Lets regress ‘minority’ and ‘salary’:
lm(salary ~ minority, data = opm2008) %>% summary()
##
## Call:
## lm(formula = salary ~ minority, data = opm2008)
##
## Residuals:
## Min 1Q Median 3Q Max
## -50239 -23433 -5589 18288 151119
##
## Coefficients:
## Estimate Std. Error t value Pr(>|t|)
## (Intercept) 71930.3 377.4 190.59 <2e-16 ***
## minority -8476.9 640.6 -13.23 <2e-16 ***
## ---
## Signif. codes: 0 '***' 0.001 '**' 0.01 '*' 0.05 '.' 0.1 ' ' 1
##
## Residual standard error: 29040 on 9064 degrees of freedom
## (8 observations deleted due to missingness)
## Multiple R-squared: 0.01895, Adjusted R-squared: 0.01885
## F-statistic: 175.1 on 1 and 9064 DF, p-value: < 2.2e-16
lm(salary ~ minority, data = opm2008) %>% confint()
## 2.5 % 97.5 %
## (Intercept) 71190.499 72670.099
## minority -9732.581 -7221.251
We know minorities get on average 8,476 less than nonminorities’ salary. According to the sample, minorities have a negative relationship with salaries. Since the data is statistically significant, we are 95% confident that minorities get from 9,732 to 7,221 less than nonminorities in the population.
Add the qualifications:
lm(salary ~ minority + yos + edyrs + grade, dat = opm2008) %>% summary()
##
## Call:
## lm(formula = salary ~ minority + yos + edyrs + grade, data = opm2008)
##
## Residuals:
## Min 1Q Median 3Q Max
## -31736 -8128 -917 6631 114283
##
## Coefficients:
## Estimate Std. Error t value Pr(>|t|)
## (Intercept) -32124.26 799.44 -40.184 <2e-16 ***
## minority 340.38 260.92 1.305 0.192
## yos 380.20 12.03 31.593 <2e-16 ***
## edyrs 1354.16 59.16 22.888 <2e-16 ***
## grade 7514.54 47.87 156.987 <2e-16 ***
## ---
## Signif. codes: 0 '***' 0.001 '**' 0.01 '*' 0.05 '.' 0.1 ' ' 1
##
## Residual standard error: 11670 on 9061 degrees of freedom
## (8 observations deleted due to missingness)

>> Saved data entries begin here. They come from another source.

lemma qconv_potential_bound:
  fixes a :: "nat \<Rightarrow> real"
  assumes "quasi_pseudometric X d" "range s \<subseteq> X" "z \<in> X" "qconv d s z"
    and "\<And>n k. a (n + k) + d (s (n + k)) (s n) \<le> a n" "a \<longlonglongrightarrow> L"
  shows "d z (s n) + L \<le> a n"
proof -
  have "(\<lambda>m. d z (s m) + (a n - a m)) \<longlonglongrightarrow> 0 + (a n - L)"
    using assms(4,6) unfolding qconv_def by (intro tendsto_intros)
  moreover have "d z (s n) \<le> d z (s m) + (a n - a m)" if "n \<le> m" for m
  proof -
    have "a m + d (s m) (s n) \<le> a n"
      using assms(5)[of n "m - n"] that by simp
    moreover have "d z (s n) \<le> d z (s m) + d (s m) (s n)"
      using assms(1-3) unfolding quasi_pseudometric_def by (simp add: range_subsetD)
    ultimately show ?thesis by linarith
  qed
  ultimately have "d z (s n) \<le> 0 + (a n - L)"
    by (intro LIMSEQ_le_const) auto
  then show ?thesis by simp
qed

lemma Sset_descent_step:
  assumes "quasi_pseudometric X d" "bounded_below_fun X \<phi>" "x \<in> X"
    and "y \<in> Sset X d \<phi> x" "\<phi> y \<noteq> \<phi> x" "\<epsilon> > 0"
  shows "\<exists>y'\<in>Sset X d \<phi> x. \<phi> y' < \<phi> x \<and> \<phi> y' < (INF w\<in>Sset X d \<phi> x. \<phi> w) + ereal \<epsilon>"
proof -
  define m where "m = (INF w\<in>Sset X d \<phi> x. \<phi> w)"
  have "m \<le> \<phi> y" unfolding m_def using assms(4) by (rule INF_lower)
  also have "\<phi> y < \<phi> x" using Sset_le[OF assms(1,3,4)] assms(5) by simp
  finally have "m < \<phi> x" .
  moreover obtain c where "\<forall>w\<in>X. ereal c \<le> \<phi> w"
    using assms(2) by (auto simp: bounded_below_fun_def)
  then have "ereal c \<le> m"
    unfolding m_def using Sset_subset by (meson INF_greatest subsetD)
  ultimately obtain r where "m = ereal r" by (cases m) auto
  then have "m < min (\<phi> x) (m + ereal \<epsilon>)"
    using \<open>m < \<phi> x\<close> assms(6) by simp
  then obtain y' where "y' \<in> Sset X d \<phi> x" "\<phi> y' < min (\<phi> x) (m + ereal \<epsilon>)"
    unfolding m_def by (subst (asm) INF_less_iff) blast
  then show ?thesis unfolding m_def by auto
qed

## Multiple R-squared: 0.8417, Adjusted R-squared: 0.8416
## F-statistic: 1.204e+04 on 4 and 9061 DF, p-value: < 2.2e-16
lm(salary ~ minority + yos + edyrs + grade, dat = opm2008) %>% confint()
## 2.5 % 97.5 %
## (Intercept) -33691.3398 -30557.1813
## minority -171.0779 851.8315
## yos 356.6078 403.7879
## edyrs 1238.1839 1470.1373
## grade 7420.7098 7608.3716
From this data, we can conclude that qualifications do influence minority salary greatly. This regression does conclude that with the appropriate skills, minorities can earn 171 dollars less than or up to 851 dollars more than nonminorities. Since it’s statistically significant, we can safely determine that this can be used for the population.

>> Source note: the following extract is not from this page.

(* Consider any of the three variants (F, O, T) of the two-round protocol described in the context, with parameters $\epsilon_1,\epsilon_2\ge 0$, $d_{max}\in\mathbb Z_{\ge0}$, $\mu\in[0,\frac{e^{\epsilon_1}}{e^{\epsilon_1}+1}]$, where all neighbor lists considered have at most $d_{max}$ ones. For $i\in[n]$ let $\mathcal R_i^1$ be the first-round randomizer of $v_i$ (mapping $\mathbf a_i$ to $\mathbf r_i$) and $\mathcal R_i^2(M_i)$ the second-round randomizer (mapping $\mathbf a_i$ to $\hat w_i$, given the message $M_i$), and let $\mathcal R_i(\mathbf a_i)=(\mathcal R_i^1(\mathbf a_i),\mathcal R_i^2(M_i)(\mathbf a_i))$. Then each $\mathcal R_i$ satisfies $(\epsilon_1+\epsilon_2)$-edge LDP, and $(\mathcal R_1,\dots,\mathcal R_n)$ satisfies $(\epsilon_1+\epsilon_2)$-relationship DP.
   Context: Let $G$ be a simple undirected graph on $V=\{v_1,\dots,v_n\}$ with symmetric adjacency matrix $\mathbf A=(a_{i,j})\in\{0,1\}^{n\times n}$, $a_{i,i}=0$; $\mathbf a_i$ is the $i$-th row (neighbor list of $v_i$). $ARR_{\epsilon,\mu}:\{0,1\}\to\{0,1\}$ is the randomized map with $\Pr[ARR_{\epsilon,\mu}(1)=1]=\mu$ and $\Pr[ARR_{\epsilon,\mu}(0)=1]=\mu e^{-\epsilon}$. Protocol: let $\rho=e^{-\epsilon_1}$ and $\mu^*=\mu,\mu^2,\mu^3$ in variants F, O, T respectively. Round 1: each $v_i$ computes $r_{i,j}=ARR_{\epsilon_1,\mu}(a_{i,j})$ for all $j<i$ (all independent) and sends $\mathbf r_i=(r_{i,1},\dots,r_{i,i-1})$. The server forms the set of unordered pairs $E'=\{\{v_j,v_k\}: j<k,\ r_{k,j}=1\}$. Round 2: the server sends $v_i$ the message $M_i=\{\{v_j,v_k\}\in E': j<k<i\}$ (F), $M_i=\{\{v_j,v_k\}\in E':\{v_i,v_k\}\in E',\ j<k<i\}$ (O), or $M_i=\{\{v_j,v_k\}\in E':\{v_i,v_j\}\in E',\{v_i,v_k\}\in E',\ j<k<i\}$ (T). User $v_i$ computes $t_i=|\{(j,k):j<k<i,\ a_{i,j}=a_{i,k}=1,\ \{v_j,v_k\}\in M_i\}|$, $s_i=|\{(j,k):j<k<i,\ a_{i,j}=a_{i,k}=1\}|$, $w_i=t_i-\mu^*\rho s_i$, and sends $\hat w_i=w_i+\mathrm{Lap}(d_{max}/\epsilon_2)$ (Laplace noise with mean 0 and scale $d_{max}/\epsilon_2$, independent). The server outputs $\hat f_\triangle(G)=\frac{1}{\mu^*(1-\rho)}\sum_{i=1}^n\hat w_i$. Definitions: a local randomizer $\mathcal R$ on $\{0,1\}^n$ satisfies $\epsilon$-edge LDP if $\Pr[\mathcal R(\mathbf a)=s]\le e^\epsilon\Pr[\mathcal R(\mathbf a')=s]$ for all $\mathbf a,\mathbf a'$ differing in one bit and all outputs $s$. A tuple $(\mathcal R_1,\dots,\mathcal R_n)$ (independent randomness) satisfies $\epsilon$-relationship DP if for all graphs $G,G'$ on $V$ differing in exactly one edge, with adjacency rows $\mathbf a_i,\mathbf a_i'$, and all output tuples $(s_1,\dots,s_n)$, $\Pr[(\mathcal R_1(\mathbf a_1),\dots,\mathcal R_n(\mathbf a_n))=(s_1,\dots,s_n)]\le e^\epsilon\Pr[(\mathcal R_1(\mathbf a_1'),\dots,\mathcal R_n(\mathbf a_n'))=(s_1,\dots,s_n)]$. *)

theory Defs
  imports "HOL-Probability.Probability"
begin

According to both of these samples, minorities and females deal with an unfair wage gap. For females from 1994 to 2008, their salary is still considerably lower than men. Even with the same experience and qualifications, the pay is still inferior. This displays the apparent lack of respect for women in this country. With 50% of our workforce unable to earn what they deserve, America needs to work harder for their female citizens.

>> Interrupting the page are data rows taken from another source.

definition inversions :: "nat set \<Rightarrow> (nat \<Rightarrow> nat) \<Rightarrow> (nat \<times> nat) set" where
  "inversions K f = {(u, v). u \<in> K \<and> v \<in> K \<and> u < v \<and> f v < f u}"

lemma finite_inversions: "finite K \<Longrightarrow> finite (inversions K f)"
  by (rule finite_subset[of _ "K \<times> K"]) (auto simp: inversions_def)

lemma neg_one_power_card_toggle:
  assumes "finite A" "finite B" "A - {x} = B - {x}" "x \<in> A \<longleftrightarrow> x \<notin> B"
  shows "(-1::'a::ring_1) ^ card B = - ((-1) ^ card A)"
proof (cases "x \<in> A")
  case True
  then have "A = insert x B" "x \<notin> B"
    using assms(3,4) by blast+
  then show ?thesis
    using assms(2) by simp
next
  case False
  then have "B = insert x A" "x \<notin> A"
    using assms(3,4) by blast+
  then show ?thesis
    using assms(1) by simp
qed

lemma inversions_swap_adjacent_values:
  assumes "finite K" "inj_on f K" "i \<in> K" "j \<in> K" "f i = Suc (f j)"
  shows "(-1::'a::ring_1) ^ card (inversions K (f \<circ> transpose i j)) =
    - ((-1) ^ card (inversions K f))"
proof (rule neg_one_power_card_toggle[OF finite_inversions finite_inversions])
  let ?g = "f \<circ> transpose i j"
  define p q where "p = min i j" and "q = max i j"
  have "i \<noteq> j"
    using assms(5) by auto
  have other: "f x \<noteq> f i \<and> f x \<noteq> f j" if "x \<in> K" "x \<noteq> i" "x \<noteq> j" for x
    using assms(2-4) that by (metis inj_onD)
  \<comment> \<open>no value of f lies strictly between f j and f i\<close>
  have same_order: "?g v < ?g u \<longleftrightarrow> f v < f u"
    if "u \<in> K" "v \<in> K" "u < v" "(u, v) \<noteq> (p, q)" for u v
    using that other[of u] other[of v] assms(5) \<open>i \<noteq> j\<close>
    unfolding p_def q_def by (auto simp: transpose_def min_def max_def split: if_splits)
  show "inversions K f - {(p, q)} = inversions K ?g - {(p, q)}"
    using same_order unfolding inversions_def by auto
  show "(p, q) \<in> inversions K f \<longleftrightarrow> (p, q) \<notin> inversions K ?g"
    using assms(3-5) \<open>i \<noteq> j\<close> unfolding inversions_def p_def q_def by (auto simp: min_def max_def)
qed (use assms(1) in auto)

lemma card_inversions_insert_below:
  assumes "finite K" "i \<notin> K" "\<forall>u\<in>K. c < f u"
  shows "card (inversions (insert i K) (f(i := c))) = card (inversions K f) + card {u \<in> K. u < i}"
proof -
  have "inversions (insert i K) (f(i := c)) = inversions K f \<union> (\<lambda>u. (u, i)) ` {u \<in> K. u < i}"
    using assms(2,3) unfolding inversions_def by auto
  moreover have "inversions K f \<inter> (\<lambda>u. (u, i)) ` {u \<in> K. u < i} = {}"
    using assms(2) unfolding inversions_def by auto
  ultimately show ?thesis
    using assms(1) by (simp add: card_Un_disjoint finite_inversions card_image inj_on_def)
qed

definition exponent_sign :: "(nat \<Rightarrow>\<^sub>0 nat) \<Rightarrow> 'k::comm_ring_1" where
  "exponent_sign a = (-1) ^ card (inversions (Poly_Mapping.keys a) (Poly_Mapping.lookup a))"

definition distinct_exponents :: "nat \<Rightarrow> (nat \<Rightarrow>\<^sub>0 nat) \<Rightarrow> bool" where
  "distinct_exponents d a \<longleftrightarrow>
     inj_on (Poly_Mapping.lookup a) (Poly_Mapping.keys a) \<and> (\<forall>i. Poly_Mapping.lookup a i \<le> d + 1)"

definition cycle_weight :: "(nat set \<Rightarrow> 'k::field) \<Rightarrow> nat \<Rightarrow> (nat \<Rightarrow>\<^sub>0 nat) \<Rightarrow> 'k" where
  "cycle_weight z d a =
     (if distinct_exponents d a then z (Poly_Mapping.keys a) * exponent_sign a else 0)"

lemma lookup_single_one_add:
  fixes b :: "'a \<Rightarrow>\<^sub>0 nat"
  shows "Poly_Mapping.lookup (Poly_Mapping.single i 1 + b) x =
     (if x = i then Suc (Poly_Mapping.lookup b x) else Poly_Mapping.lookup b x)"
  by (simp add: lookup_add lookup_single)

lemma keys_single_one_add:
  fixes b :: "'a \<Rightarrow>\<^sub>0 nat"
  shows "Poly_Mapping.keys (Poly_Mapping.single i 1 + b) = insert i (Poly_Mapping.keys b)"
  by (simp add: keys_add_nat)

lemma cycle_weight_not_standard:
  assumes "is_chain \<Delta> d z" "\<not> standard_monomial \<Delta> d a"
  shows "cycle_weight z d a = 0"
  using assms unfolding is_chain_def standard_monomial_def cycle_weight_def distinct_exponents_def
  by auto

lemma cycle_weight_swap:
  fixes z :: "nat set \<Rightarrow> 'k::field"
  assumes "i \<in> Poly_Mapping.keys b" "j \<in> Poly_Mapping.keys b" "i \<noteq> j"
    and "Poly_Mapping.lookup b i = Poly_Mapping.lookup b j"
  shows "cycle_weight z d (Poly_Mapping.single j 1 + b) =
    - cycle_weight z d (Poly_Mapping.single i 1 + b)"
proof -
  let ?a = "Poly_Mapping.single i 1 + b" and ?a' = "Poly_Mapping.single j 1 + b"
  have swap: "Poly_Mapping.lookup ?a' = Poly_Mapping.lookup ?a \<circ> transpose i j"
    using assms unfolding fun_eq_iff lookup_single_one_add by (auto simp: transpose_def)
  have keys: "Poly_Mapping.keys ?a' = Poly_Mapping.keys b" "Poly_Mapping.keys ?a = Poly_Mapping.keys b"
    using assms(1,2) unfolding keys_single_one_add by auto
  have distinct: "distinct_exponents d ?a' \<longleftrightarrow> distinct_exponents d ?a"
    unfolding distinct_exponents_def keys swap
    using assms(1,2) by (auto simp: inj_on_swap_iff) (metis transpose_involutory)
  have "exponent_sign ?a' = - (exponent_sign ?a :: 'k)" if "distinct_exponents d ?a"
    unfolding exponent_sign_def keys swap
    using that assms by (intro inversions_swap_adjacent_values)
      (auto simp: distinct_exponents_def keys lookup_single_one_add)
  then show ?thesis
    unfolding cycle_weight_def distinct keys by simp
qed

With Minorities, in 1994 sample, their salary was lower than nonminorities, however in 2008, minorities started earning more. As America progresses, the wage difference between minorities and nonminorities begin to close. This country is finally recognizing the importance and the impact that minorities have on this nation.